Kimi K3 is Kimi’s most capable model to date, with 2.8 trillion parameters. Built on Kimi Delta Attention, a hybrid linear attention mechanism, and Attention Residuals, it offers native visual understanding and a 1M-token context window for frontier intelligence scenarios such as software engineering, knowledge work, and deep reasoning. In our evaluations, Kimi K3 delivers frontier-level performance. Among the models tested, its overall intelligence ranks second only to Claude Fable 5 and GPT-5.6 Sol. For the complete benchmark results, see our tech blog. The full model weights of Kimi K3 will be released in the coming days. More details on the architecture, training, and evaluation will be published together with the Kimi K3 technical report.

The 3-trillion-scale open-source model

Kimi K3 is the first open-source model to reach the 2.8-trillion-parameter scale. It is the latest step in Kimi’s continued push of model-scale boundaries: in 9 of the past 12 months, Kimi models have set new records for open-source model scale.

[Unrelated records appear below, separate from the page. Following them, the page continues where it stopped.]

lemma form_monom:
  assumes "\<alpha> \<in> mons_eq n d" shows "is_form n d (monom_eval n \<alpha>)"
proof -
  have "(\<Sum>\<beta>\<in>mons_eq n d. (if \<beta> = \<alpha> then 1 else 0) * monom_eval n \<beta> x)
      = (\<Sum>\<beta>\<in>mons_eq n d. if \<beta> = \<alpha> then monom_eval n \<beta> x else 0)" for x
    by (intro sum.cong) auto
  then show ?thesis
    using assms unfolding is_form_def
    by (intro exI[of _ "\<lambda>\<beta>. if \<beta> = \<alpha> then 1 else 0"]) (simp add: sum.delta' finite_mons_eq)
qed

lemma monom_eval_unit: "i < n \<Longrightarrow> monom_eval n (\<lambda>j. if j = i then 1 else 0) x = x i"
  by (simp add: monom_eval_def if_distrib prod.delta' cong: if_cong)

lemma form_var:
  assumes "i < n" shows "is_form n 1 (\<lambda>x. x i)"
proof -
  have "(\<lambda>j. if j = i then 1 else 0) \<in> mons_eq n 1"
    using assms by (auto simp: mons_eq_def exps_def)
  moreover have "monom_eval n (\<lambda>j. if j = i then 1 else 0) = (\<lambda>x. x i)"
    using assms by (simp add: fun_eq_iff monom_eval_unit)
  ultimately show ?thesis using form_monom by metis
qed

lemma form_const: "is_form n 0 (\<lambda>x. c)"
  unfolding is_form_def mons_eq_0 by (intro exI[of _ "\<lambda>_. c"]) (simp add: monom_eval_def)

Kimi K3 is built on Kimi Delta Attention (KDA) and Attention Residuals (AttnRes). Both architectural updates are designed to help information flow more smoothly through longer sequences and deeper models. We also further increased the sparsity of the Mixture of Experts (MoE): with the Stable LatentMoE framework, the model efficiently activates 16 out of 896 experts. Together with improvements in training methodology and data recipes, these structural advances give K3 roughly 2.5x the overall scaling efficiency of K2, converting compute into capability more effectively.

Coding

Kimi K3 is our most capable coding model to date. It sustains progress on long-horizon software engineering tasks: understanding large codebases, operating the terminal, coordinating tool calls, inspecting runtime behavior, and recovering autonomously from failed attempts with minimal human intervention. K3 improves most notably on tasks that combine software engineering, visual understanding, and spatial reasoning. It can move back and forth between source code and rendered output, using screenshots, logs, test results, and runtime state to decide the next change. This makes K3 especially well suited for game development, frontend engineering, CAD workflows, and infrastructure optimization.

Knowledge work

K3 pushes the boundary of end-to-end knowledge work. On the GDPval-AA v2 leaderboard, Kimi K3 scores 1687. The benchmark evaluates AI models on real-world tasks across 44 occupations and 9 major industries; Kimi K3 ranks behind only Claude Fable 5 Max and GPT-5.6 Sol Max, and ahead of Claude Opus 4.8 Max at 1600. On AA-Briefcase, Kimi K3 scores 1527, ranking second among all models — behind only Claude Fable 5 Max and ahead of GPT-5.6 Sol Max (1495). AA-Briefcase is a private agentic knowledge-work benchmark developed by Artificial Analysis to evaluate frontier agentic capability in long-horizon knowledge work. Thanks to the 1M context window, in a single-agent setup Kimi K3 achieves a SOTA score of 91.2 on BrowseComp without context compression or additional context-management techniques, demonstrating outstanding capability on long-horizon, high-difficulty information-seeking tasks.

Get started

Playground

Get an API Key

The examples require Python 3.9+ and the OpenAI SDK. Install the SDK and initialize the client once; later Python examples reuse client.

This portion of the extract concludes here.